Alizarin Red Staining
To evaluate the mineralization and cell differentiation capacity of the prepared multilayered mixed fibrous scaffolds of PLGA and collagen, the MC3T3-E1 cells were seeded in a 24-well dish at a cell density of 3 × 104 cells/cm2 on sterilized scaffolds in α-minimum essential medium for 15 days by changing the medium every two alternate days. At the end of 15 days, the medium was aspirated gently without disturbing the grown cells on the scaffolds. The cell-seeded scaffolds were washed twice with PBS solution before fixing with an aqueous solution of 10 % formaldehyde for 15 min at room temperature. After fixing cells on scaffolds, the fixative solution was removed carefully from the wells and cell-seeded scaffolds were washed with distilled water three times with a time interval of 10 min each. On complete removing the water from each well, 1 mL of 10 wt% solution of Alizarin Red S (Sigma-Aldrich Chemical Company, USA) was added to each well and scaffolds seeded with cells were stained with alizarin red for 30 min at pH 4.2. On the completion of staining, the excess amount of Alizarin Red was removed from the wells and scaffolds were washed with distilled water until colorless washing was obtained. Finally, the stained scaffolds were examined under microscope (Nikon E 4500, Japan) and digital images were captured.
von Kossa Assay
To estimate the calcium deposition of MC3T3-E1 cells on scaffolds of different structures and composition, the von Kossa staining was carried out by culturing pre-osteoblast MC3T3-E1 cells on scaffolds for 15 days in 24-well dish following the steps as used in Alizarin Red staining. The cell-seeded scaffolds after washing three times with PBS for 5 min were fixed with 10 % formaldehyde for 30 min. The fixed scaffolds were again washed three times with distilled water for 10 min. The fixed scaffolds were then treated with 5 % solution of AgNO3 and exposed to UV irradiation for 5 min. The UV irradiated scaffolds were washed two times with PBS to remove unused AgNO3 and kept in 5 % solution of Na2S2O3 for 5 min. Finally, the scaffolds were washed twice gently with distilled water and digital images of stained cells were captured by a microscope (Nikon E 4500, Japan) fitted with camera.
Actin Cytoskeleton Assay
After evaluating the mineralization activity of scaffolds in osteogenic differentiation of MC3T3- E1 cells, the actin cytoskeleton organization of scaffold seeded with cells is also assayed to evaluate the effect of scaffolds on osteogenesis. The MC3T3-E1 cells were incubated for 3 days on scaffolds in a 4-well dish following the steps as used in von Kossa and Alizarin Red assays. After 7 days, the cell-seeded scaffolds were washed with PBS and permeabilized with 0.5 % solution of formaldehyde and kept in a PBS solution (pH 7.4) containing 0.2 % Triton X-100 for 5 min at room temperature. After permeabilization, the scaffolds were washed with PBS and fixed using 4 % formaldehyde in PBS for 20 min. After three times washing with PBS, the scaffolds were incubated in a PBS containing 1.0 % bovine serum albumin for 30 min to block non-specific binding sites of antibody. After three times rinsing with PBS, the scaffolds were stained using fluorescent 5(6)-tetramethyl-rhodamine isothiocyanate-conjugated phalloidin in PBS for 1 h at room temperature to visualize the actin cytoskeletal filaments (F-actin) of the cells. After washing with PBS three times (10 min each), the scaffolds were stained with fluorescent DAPI by incubating for 5 min in PBS to visualize the nuclei of the cells.

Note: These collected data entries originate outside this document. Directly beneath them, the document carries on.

section \<open>Differentiating the sandwiched trace\<close>

lemma mtrace_eq_trace: "mtrace A = trace A"
  by (simp add: mtrace_def trace_def)

lemma mtrace_add: "mtrace (A + B) = mtrace A + mtrace B"
  by (simp add: mtrace_eq_trace trace_add)
lemma mtrace_diff: "mtrace (A - B) = mtrace A - mtrace B"
  by (simp add: mtrace_eq_trace trace_sub)
lemma mtrace_uminus: "mtrace (- A) = - mtrace A"
  by (simp add: mtrace_def sum_negf)
lemma mtrace_scaleR: "mtrace (c *\<^sub>R A) = c *\<^sub>R mtrace A"
  by (simp add: mtrace_def scaleR_sum_right)
lemma mtrace_mult_commute: "mtrace ((A::complex^'n::finite^'m::finite) ** B) = mtrace (B ** A)"
  unfolding mtrace_eq_trace by (rule trace_mul_sym)

lemma matrix_add_rdistrib: "((A::'a::semiring_1^'n::finite^'m::finite) + B) ** C = A ** C + B ** C"
  by (simp add: vec_eq_iff matrix_matrix_mult_def distrib_right sum.distrib)
lemma matrix_diff_ldistrib: "(A::'a::ring_1^'n::finite^'m::finite) ** (B - C) = A ** B - A ** C"
  by (simp add: vec_eq_iff matrix_matrix_mult_def right_diff_distrib sum_subtractf)
lemma matrix_diff_rdistrib: "((A::'a::ring_1^'n::finite^'m::finite) - B) ** C = A ** C - B ** C"
  by (simp add: vec_eq_iff matrix_matrix_mult_def left_diff_distrib sum_subtractf)
lemma matrix_uminus_right: "(A::'a::ring_1^'n::finite^'m::finite) ** (- B) = - (A ** B)"
  by (simp add: vec_eq_iff matrix_matrix_mult_def sum_negf)

lemma matrix_scaleR_left: "(c *\<^sub>R (A::complex^'n::finite^'m::finite)) ** (B::complex^'p::finite^'n) = c *\<^sub>R (A ** B)"
  by (simp add: scalar_matrix_assoc)
lemma matrix_scaleR_right: "(A::complex^'n::finite^'m::finite) ** (c *\<^sub>R (B::complex^'p::finite^'n)) = c *\<^sub>R (A ** B)"
  by (simp add: matrix_scalar_ac scalar_matrix_assoc)

lemma bounded_linear_Re_mtrace: "bounded_linear (\<lambda>M::complex^'n::finite^'n. Re (mtrace M))"
  unfolding linear_conv_bounded_linear[symmetric]
  by (rule linearI) (simp_all add: mtrace_add mtrace_scaleR)

lemma bounded_bilinear_matrix_mult: "bounded_bilinear (\<lambda>(A::complex^'n::finite^'m::finite) (B::complex^'p::finite^'n). A ** B)"
  unfolding bilinear_conv_bounded_bilinear[symmetric] bilinear_def
  by (auto intro!: linearI simp: matrix_add_ldistrib matrix_add_rdistrib scalar_matrix_assoc matrix_scalar_ac)

lemma has_vector_derivative_matrix_mult:
  fixes f :: "real \<Rightarrow> complex^'n::finite^'m::finite" and g :: "real \<Rightarrow> complex^'p::finite^'n"
  assumes "(f has_vector_derivative f') (at x)" "(g has_vector_derivative g') (at x)"
  shows "((\<lambda>x. f x ** g x) has_vector_derivative (f x ** g' + f' ** g x)) (at x)"
  using bounded_bilinear.has_vector_derivative[OF bounded_bilinear_matrix_mult assms] by simp

lemma has_vector_derivative_affine_comp:
  fixes X :: "real \<Rightarrow> 'a::real_normed_vector"
  assumes "(X has_vector_derivative L) (at (a * x + b))"
  shows "((\<lambda>p. X (a * p + b)) has_vector_derivative a *\<^sub>R L) (at x)"
proof -
  have "((\<lambda>p. a * p + b) has_vector_derivative a) (at x)"
    unfolding has_real_derivative_iff_has_vector_derivative[symmetric]
    by (auto intro!: derivative_eq_intros)
  from vector_diff_chain_at[OF this assms] show ?thesis by (simp add: o_def)
qed

lemma absorbs_mult: "absorbs R P \<Longrightarrow> absorbs R Q \<Longrightarrow> absorbs R (P ** Q)"
  unfolding absorbs_def by (simp add: matrix_mul_assoc[symmetric]) (simp add: matrix_mul_assoc)

lemma mtrace_absorbs_left: "absorbs R P \<Longrightarrow> mtrace (R ** (P ** M)) = mtrace (R ** M)"
  unfolding absorbs_def by (simp add: matrix_mul_assoc)

lemma mtrace_absorbs_right:
  assumes "absorbs R P"
  shows "mtrace (R ** (M ** P)) = mtrace (R ** M)"
proof -
  have "mtrace (R ** (M ** P)) = mtrace ((R ** M) ** P)" by (simp add: matrix_mul_assoc)
  also have "\<dots> = mtrace (P ** (R ** M))" by (rule mtrace_mult_commute)
  also have "\<dots> = mtrace (R ** M)" using assms by (simp add: absorbs_def matrix_mul_assoc)
  finally show ?thesis .
qed

text \<open>Each of the two outer factors X(p/2) contributes half of Tr R L_X, and likewise for Y;
  the support projections X 0, Y 0, Z 0 drop out of every term because they act as the
  identity on R.\<close>
lemma Kop_has_vector_derivative:
  assumes X: "(X has_vector_derivative LX) (at 0)" "absorbs R (X 0)"
    and Y: "(Y has_vector_derivative LY) (at 0)" "absorbs R (Y 0)"
    and Z: "(Z has_vector_derivative LZ) (at 0)" "absorbs R (Z 0)"
  obtains K' where "(Kop X Y Z has_vector_derivative K') (at 0)"
    and "mtrace (R ** K') = mtrace (R ** LX) + mtrace (R ** LY) + mtrace (R ** LZ)"
proof
  have X2: "((\<lambda>p. X (p/2)) has_vector_derivative (1/2) *\<^sub>R LX) (at 0)"
    using has_vector_derivative_affine_comp[of X LX "1/2" 0 0] X(1) by (simp add: mult.commute)
  have Y2: "((\<lambda>p. Y (p/2)) has_vector_derivative (1/2) *\<^sub>R LY) (at 0)"
    using has_vector_derivative_affine_comp[of Y LY "1/2" 0 0] Y(1) by (simp add: mult.commute)
  define X0 Y0 Z0 where "X0 = X 0" and "Y0 = Y 0" and "Z0 = Z 0"
  define K' where "K' = X0 ** Y0 ** Z0 ** Y0 ** ((1/2) *\<^sub>R LX) +
     (X0 ** Y0 ** Z0 ** ((1/2) *\<^sub>R LY) +
      (X0 ** Y0 ** LZ + (X0 ** ((1/2) *\<^sub>R LY) + (1/2) *\<^sub>R LX ** Y0) ** Z0) ** Y0) ** X0"
  show "(Kop X Y Z has_vector_derivative K') (at 0)"
    using has_vector_derivative_matrix_mult[OF has_vector_derivative_matrix_mult[OF
        has_vector_derivative_matrix_mult[OF has_vector_derivative_matrix_mult[OF X2 Y2] Z(1)] Y2] X2]
    by (simp only: Kop_def[abs_def] K'_def X0_def Y0_def Z0_def div_0)
  have absorbs: "absorbs R X0" "absorbs R Y0" "absorbs R Z0"
    using X(2) Y(2) Z(2) by (simp_all add: X0_def Y0_def Z0_def)
  have "mtrace (R ** K') = (1/2) *\<^sub>R mtrace (R ** LX) + ((1/2) *\<^sub>R mtrace (R ** LY) +
        (mtrace (R ** LZ) + ((1/2) *\<^sub>R mtrace (R ** LY) + (1/2) *\<^sub>R mtrace (R ** LX))))"
    unfolding K'_def
    by (simp add: matrix_mul_assoc[symmetric] matrix_add_ldistrib matrix_add_rdistrib
        matrix_scaleR_left matrix_scaleR_right mtrace_add mtrace_scaleR
        mtrace_absorbs_left mtrace_absorbs_right absorbs absorbs_mult)
  then show "mtrace (R ** K') = mtrace (R ** LX) + mtrace (R ** LY) + mtrace (R ** LZ)"
    by (simp add: scaleR_conv_of_real algebra_simps)
qed

lemma ln_quotient_tendsto:
  assumes H: "(H has_real_derivative D) (at 1)" and H1: "H 1 = 1"
  shows "((\<lambda>x. ln (H x) / (x - 1)) \<longlongrightarrow> D) (at 1)"
proof -
  have "((\<lambda>x. ln (H x)) has_real_derivative inverse (H 1) * D) (at 1)"
    by (rule DERIV_chain2[OF DERIV_ln H]) (simp add: H1)
  then show ?thesis using H1 by (simp add: has_field_derivative_iff)
qed

section \<open>Subsystem embeddings and partial traces\<close>

lemma mult_if_0: "a * (if P then b else 0) = (if P then a * b else (0::'a::mult_zero))"
  by simp

lemma sum_UNIV_prod: "(\<Sum>k\<in>(UNIV::('x::finite\<times>'y::finite) set). f k) = (\<Sum>a\<in>UNIV. \<Sum>b\<in>UNIV. f (a, b))"
proof -
  have "(\<Sum>k\<in>(UNIV::('x\<times>'y) set). f k) = (\<Sum>k\<in>(UNIV::'x set) \<times> (UNIV::'y set). f k)" by simp
  also have "\<dots> = (\<Sum>(a,b)\<in>(UNIV::'x set) \<times> (UNIV::'y set). f (a, b))" by (simp add: case_prod_beta')
  also have "\<dots> = (\<Sum>a\<in>UNIV. \<Sum>b\<in>UNIV. f (a, b))" by (rule sum.cartesian_product[symmetric])
  finally show ?thesis .
qed

lemma sum_if_const_cond: "(\<Sum>x\<in>S. if P then f x else 0) = (if P then \<Sum>x\<in>S. f x else 0)"
  by simp

lemma sum_delta_eq2: "(\<Sum>b\<in>(UNIV::'b::finite set). if i = b \<and> b = j then g b else 0) = (if i = j then g i else 0)"
proof (cases "i = j")
  case True
  then have "(\<Sum>b\<in>(UNIV::'b set). if i = b \<and> b = j then g b else 0) = (\<Sum>b\<in>UNIV. if i = b then g b else 0)"
    by (intro sum.cong) auto
  then show ?thesis using True by simp
qed (auto intro!: sum.neutral)

lemma if_mult_if: "(if P then a else 0) * (if Q then b else 0) = (if P \<and> Q then a * b else (0::'a::mult_zero))"
  by simp

lemma embAC_component [simp]: "embAC A $ (ia, ib, ic) $ (ja, jb, jc) = (if ib = jb then A $ (ia, ic) $ (ja, jc) else 0)"
  by (simp add: embAC_def)
lemma embBC_component [simp]: "embBC A $ (ia, ib, ic) $ (ja, jb, jc) = (if ia = ja then A $ (ib, ic) $ (jb, jc) else 0)"
  by (simp add: embBC_def)
lemma embC_component [simp]: "embC A $ (ia, ib, ic) $ (ja, jb, jc) = (if ia = ja \<and> ib = jb then A $ ic $ jc else 0)"
  by (simp add: embC_def)

lemma vec_eq_triple: "(\<And>ia ib ic ja jb jc. M $ (ia, ib, ic) $ (ja, jb, jc) = N $ (ia, ib, ic) $ (ja, jb, jc)) \<Longrightarrow> M = N"
  by (simp add: vec_eq_iff)

lemma embAC_mult: "embAC A ** embAC B = (embAC (A ** B) :: complex^('a::finite\<times>'b::finite\<times>'c::finite)^('a\<times>'b\<times>'c))"
proof (rule vec_eq_triple)
  fix ia ib ic ja jb jc
  have "(embAC A ** embAC B :: complex^('a\<times>'b\<times>'c)^('a\<times>'b\<times>'c)) $ (ia, ib, ic) $ (ja, jb, jc)
     = (\<Sum>a\<in>UNIV. \<Sum>b\<in>(UNIV::'b set). \<Sum>c\<in>UNIV. (if ib = b \<and> b = jb then A $ (ia, ic) $ (a, c) * B $ (a, c) $ (ja, jc) else 0))"
    by (simp add: matrix_matrix_mult_def sum_UNIV_prod if_mult_if)
  also have "\<dots> = (\<Sum>b\<in>(UNIV::'b set). \<Sum>a\<in>UNIV. \<Sum>c\<in>UNIV. (if ib = b \<and> b = jb then A $ (ia, ic) $ (a, c) * B $ (a, c) $ (ja, jc) else 0))"
    by (rule sum.swap)
  also have "\<dots> = (if ib = jb then (\<Sum>a\<in>UNIV. \<Sum>c\<in>UNIV. A $ (ia, ic) $ (a, c) * B $ (a, c) $ (ja, jc)) else 0)"
    by (simp only: sum_if_const_cond sum_delta_eq2)
  also have "\<dots> = embAC (A ** B) $ (ia, ib, ic) $ (ja, jb, jc)"
    by (simp add: matrix_matrix_mult_def sum_UNIV_prod)
  finally show "(embAC A ** embAC B :: complex^('a\<times>'b\<times>'c)^('a\<times>'b\<times>'c)) $ (ia, ib, ic) $ (ja, jb, jc) = embAC (A ** B) $ (ia, ib, ic) $ (ja, jb, jc)" .
qed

All data are presented as means ± standard deviations. Experiments were carried out in triplicates, and statistical analyses were performed using Student’s two tailed test in conjunction with Scheffe’s test for multiple comparison statistics considering p < 0.05, P < 0.01, and P < 0.001 as statistically significant, very significant, and extremely significant values, respectively, whereas P > 0.05 is treated as statistically insignificant value.
The osteogenic properties of various scaffolds have largely shown dependence on the types of polymers [58, 59] used in their fabrication. The properties of the scaffolds have also shown significant variations with the types of ceramics embedded in the matrices. The application of ceramics as nanorods is found to be more promising as we have reported in our previous studies [33, 34] and by other workers . The fabrication of multilayered mixed fibrous scaffolds using dual extrusion electrospinning technique has provided an opportunity to utilize the properties of both collagen and PLGA together in designing scaffolds with different structures and bioactivities. The technique has provided ample opportunity to utilize nanofibrous collagen in combination with microfibrous PLGA and embedded bioactive nanorods of hydroxyapatite. To fabricate mixed fibrous scaffolds having homogeneously distributed nHA in collagen, the surface fictionalization of nHA is proved to be potentially useful as indicated by the enhanced bioactivity of the fabricated 3D scaffolds.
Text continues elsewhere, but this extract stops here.